Scaling LLMs: Why Deterministic Hashing Isn't Enough

Suraj Panda — Sat, 04 Jul 2026 09:55:13 +0000

After all the hype around tokenmaxxing, we have finally realised something that was hiding in plain sight: every LLM request comes at a cost. This becomes even more of a challenge when enterprises start taking their AI PoCs to production and first encounter system design’s most fundamental problem: scale. Repeated questions can quickly turn into a massive cloud bill.
But in my learning journey, I have noticed this: Customers rarely ask the same question with the exact same wording. For example, in an e-commerce support chatbot, the most common questions would be: "Where is my order?", "Can you track my package?", "Has my shipment been dispatched yet?", "When will my order arrive?” - All seemingly different prompts, but all seeking the same information.
Great, so why not just cache the most requested information? Well, a traditional cache only works if the request is identical. Change a few words, and it's a cache miss; resulting in another expensive LLM call.
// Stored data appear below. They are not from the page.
text \<open>These pointwise rules make the simplifier eta-expand sums, differences and zeros of
  multivectors, which would block the rewrite rules below.\<close>

declare plus_fun_apply [simp del] zero_fun_apply [simp del] uminus_apply [simp del] minus_apply [simp del]

lemma sc_add: "sc c (x + y) = sc c x + sc c y"
  by (simp add: sc_def fun_eq_iff algebra_simps plus_fun_apply)

lemma sc_sc: "sc c (sc d x) = sc (c * d) x"
  by (simp add: sc_def fun_eq_iff)

lemma uminus_sc: "- sc c x = sc (- c) x"
  by (simp add: sc_def fun_eq_iff uminus_apply)

definition blade_sum :: "(nat set \<times> real) list \<Rightarrow> mv" where
  "blade_sum xs = (\<Sum>(A, c)\<leftarrow>xs. sc c (blade A))"

lemma blade_sum_Nil: "blade_sum [] = 0"
  by (simp add: blade_sum_def)

lemma blade_sum_Cons: "blade_sum ((A, c) # xs) = sc c (blade A) + blade_sum xs"
  by (simp add: blade_sum_def)

lemma blade_sum_append: "blade_sum xs + blade_sum ys = blade_sum (xs @ ys)"
  by (simp add: blade_sum_def)

lemma sc_blade_sum: "sc c (blade_sum xs) = blade_sum (map (\<lambda>(A, d). (A, c * d)) xs)"
  by (induction xs) (auto simp: blade_sum_Nil blade_sum_Cons sc_add sc_sc)

lemma uminus_blade_sum: "- blade_sum xs = blade_sum (map (\<lambda>(A, d). (A, - d)) xs)"
  by (induction xs) (auto simp: blade_sum_Nil blade_sum_Cons uminus_sc)

lemma blade_sum_diff: "blade_sum xs - blade_sum ys = blade_sum (xs @ map (\<lambda>(A, d). (A, - d)) ys)"
  by (simp add: blade_sum_append[symmetric] uminus_blade_sum[symmetric])

lemma grade_blade_sum: "grade k (blade_sum xs) = blade_sum (filter (\<lambda>(A, c). card A = k) xs)"
proof (induction xs)
  case Nil
  then show ?case by (simp add: blade_sum_Nil grade_def fun_eq_iff zero_fun_apply)
next
  case (Cons p xs)
  then show ?case by (cases p) (simp add: blade_sum_Cons grade_add grade_sc grade_blade)
qed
One solution I could think of and ended up building was a Go library for semantic LLM caching that combines deterministic lookups with vector similarity search.

Link to my repo: https://github.com/Suraj370/semantic-cache-for-llm
The design ended up as two lookup paths that run in sequence on every call. First, a deterministic path: normalize the request, hash the messages and parameters with xxhash, wrap that into a UUIDv5, and do an O(1) point lookup. If that misses, fall through to a semantic path — embed the flattened conversation, run an ANN search (HNSW under Redis or Qdrant, GraphQL-backed search on Weaviate, KNN on Pinecone) filtered by tenant, model, and provider, and accept anything above a similarity threshold.
The direct path is the boring, load-bearing part. Change the temperature, change the model, change one word in the prompt, and you land in a completely different bucket — no false positives, ever, because it's just a hash. The semantic path is where the actual value is: it's what turns “Where is my order?" and "what’s my order status?" into the same cache entry.
I also wanted this to be backend-agnostic from day one, so VectorStore is an interface, and Redis, Weaviate, Qdrant, and Pinecone all implement it. Same with embeddings — Embedder is one method and a dimension, so anything OpenAI-compatible (Azure, Ollama, Together) works without touching the cache logic.

Three things fought me the whole way.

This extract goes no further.